[Source data]
________________
text \<open>The part of the virial in which the limit positions appear; only pairs of bodies with
  distinct limits contribute to it.\<close>
definition limit_virial :: "real \<Rightarrow> real" where
  "limit_virial t = (1/2) * (\<Sum>i\<in>N. \<Sum>j\<in>N-{i}. inner (pair_force t i j) (L i - L j))"

lemma nbody_force_eq: "nbody_force n m (q t) i = (\<Sum>j\<in>N-{i}. pair_force t i j)"
  unfolding pair_force_def nbody_force_def ..

lemma pair_force_antisym: "pair_force t j i = - pair_force t i j"
  unfolding pair_force_def by (simp add: norm_minus_commute mult.commute scaleR_right_diff_distrib)

lemma mass_nonneg: "i \<in> N \<Longrightarrow> m i \<ge> 0"
  using mpos[of i] by simp

lemma has_real_derivative_cluster_K:
  assumes A: "A \<subseteq> N" and t: "t \<in> S"
  shows "((\<lambda>s. cluster_K A m (v s)) has_real_derivative
           (\<Sum>i\<in>A. inner (v t i) (nbody_force n m (q t) i))) (at t within S)"
proof -
  let ?a = "\<lambda>i. (1 / m i) *\<^sub>R nbody_force n m (q t) i"
  have "((\<lambda>s. (1/2) * (\<Sum>i\<in>A. m i * inner (v s i) (v s i))) has_real_derivative
        (1/2) * (\<Sum>i\<in>A. m i * (inner (v t i) (?a i) + inner (?a i) (v t i)))) (at t within S)"
    using A t by (intro DERIV_cmult DERIV_sum has_real_derivative_inner eqn) auto
  moreover have "m i * (inner (v t i) (?a i) + inner (?a i) (v t i)) = 2 * inner (v t i) (nbody_force n m (q t) i)"
    if "i \<in> A" for i
  proof -
    have "m i > 0" using mpos A that by auto
    thus ?thesis by (simp add: inner_commute)
  qed
  ultimately show ?thesis
    unfolding cluster_K_def power2_norm_eq_inner by (simp add: sum_distrib_left)
qed

lemma has_real_derivative_cluster_U:
  assumes A: "A \<subseteq> N" and t: "t \<in> S"
  shows "((\<lambda>s. cluster_U A m (q s)) has_real_derivative
           (\<Sum>i\<in>A. \<Sum>j\<in>A-{i}. inner (pair_force t i j) (v t i))) (at t within S)"
proof -
  have fin: "finite A" using A finite_subset by blast
  have distinct: "q t i \<noteq> q t j" if "i \<in> A" "j \<in> A" "i \<noteq> j" for i j
    using nocoll A t that by blast
  have D: "((\<lambda>s. (1/2) * (\<Sum>i\<in>A. \<Sum>j\<in>A-{i}. m i * m j * (1 / norm (q s i - q s j)))) has_real_derivative
     (1/2) * (\<Sum>i\<in>A. \<Sum>j\<in>A-{i}. m i * m j * (- inner (q t i - q t j) (v t i - v t j) / norm (q t i - q t j) ^ 3)))
     (at t within S)"
    using A t
    by (intro DERIV_cmult DERIV_sum has_real_derivative_inverse_norm has_vector_derivative_diff vel)
      (auto simp: distinct)
  have force: "m i * m j * (- inner (q t i - q t j) w / norm (q t i - q t j) ^ 3) = inner (pair_force t i j) w"
    for i j w
  proof -
    have "q t j - q t i = - (q t i - q t j)" by simp
    thus ?thesis unfolding pair_force_def by (simp only: norm_minus_cancel inner_scaleR_left inner_minus_left) simp
  qed
  have "(\<lambda>s. cluster_U A m (q s))
      = (\<lambda>s. (1/2) * (\<Sum>i\<in>A. \<Sum>j\<in>A-{i}. m i * m j * (1 / norm (q s i - q s j))))"
    by (simp add: cluster_U_eq_offdiag_sum[OF fin])
  moreover have "(\<Sum>i\<in>A. \<Sum>j\<in>A-{i}. inner (pair_force t i j) (v t i))
      = (1/2) * (\<Sum>i\<in>A. \<Sum>j\<in>A-{i}. m i * m j * (- inner (q t i - q t j) (v t i - v t j) / norm (q t i - q t j) ^ 3))"
    unfolding force by (rule sum_offdiag_inner_antisym[OF fin pair_force_antisym])
  ultimately show ?thesis using D by (simp only:)
qed

lemma has_real_derivative_cluster_energy:
  assumes A: "A \<subseteq> N" and t: "t \<in> S"
  shows "((\<lambda>s. cluster_K A m (v s) - cluster_U A m (q s)) has_real_derivative
           (\<Sum>i\<in>A. inner (v t i) (\<Sum>j\<in>N-A. pair_force t i j))) (at t within S)"
proof -
  have fin: "finite A" using A finite_subset by blast
  have "inner (v t i) (nbody_force n m (q t) i) - (\<Sum>j\<in>A-{i}. inner (pair_force t i j) (v t i))
      = inner (v t i) (\<Sum>j\<in>N-A. pair_force t i j)" if "i \<in> A" for i
  proof -
    have "N - {i} = (A - {i}) \<union> (N - A)" using that A by auto
    hence "nbody_force n m (q t) i = (\<Sum>j\<in>A-{i}. pair_force t i j) + (\<Sum>j\<in>N-A. pair_force t i j)"
      unfolding nbody_force_eq by (simp only:) (rule sum.union_disjoint, use fin in auto)
    thus ?thesis by (simp add: inner_add_right inner_sum_right inner_commute)
  qed
  hence "(\<Sum>i\<in>A. inner (v t i) (nbody_force n m (q t) i)) - (\<Sum>i\<in>A. \<Sum>j\<in>A-{i}. inner (pair_force t i j) (v t i))
      = (\<Sum>i\<in>A. inner (v t i) (\<Sum>j\<in>N-A. pair_force t i j))"
    by (simp add: sum_subtractf[symmetric])
  with DERIV_diff[OF has_real_derivative_cluster_K[OF A t] has_real_derivative_cluster_U[OF A t]]
  show ?thesis by simp
qed

lemma energy_conservation:
  assumes "t \<in> S"
  shows "kinetic t - potential t = kinetic t0 - potential t0"
proof -
  have "\<exists>c. \<forall>s\<in>S. kinetic s - potential s = c"
    using has_real_derivative_cluster_energy[of N]
    unfolding kinetic_def potential_def by (intro has_field_derivative_zero_constant) auto
  with assms tT show ?thesis by force
qed

lemma has_vector_derivative_displacement:
  "i \<in> N \<Longrightarrow> t \<in> S \<Longrightarrow> ((\<lambda>s. q s i - L i) has_vector_derivative v t i) (at t within S)"
  using has_vector_derivative_diff[OF vel has_vector_derivative_const[of "L i"]] by simp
________________
→ Instructions to follow
Search the entries for the word "thus", then list each line that holds it.

→ Task answer
    thus ?thesis by (simp add: inner_commute)
    thus ?thesis unfolding pair_force_def by (simp only: norm_minus_cancel inner_scaleR_left inner_minus_left) simp
    thus ?thesis by (simp add: inner_add_right inner_sum_right inner_commute)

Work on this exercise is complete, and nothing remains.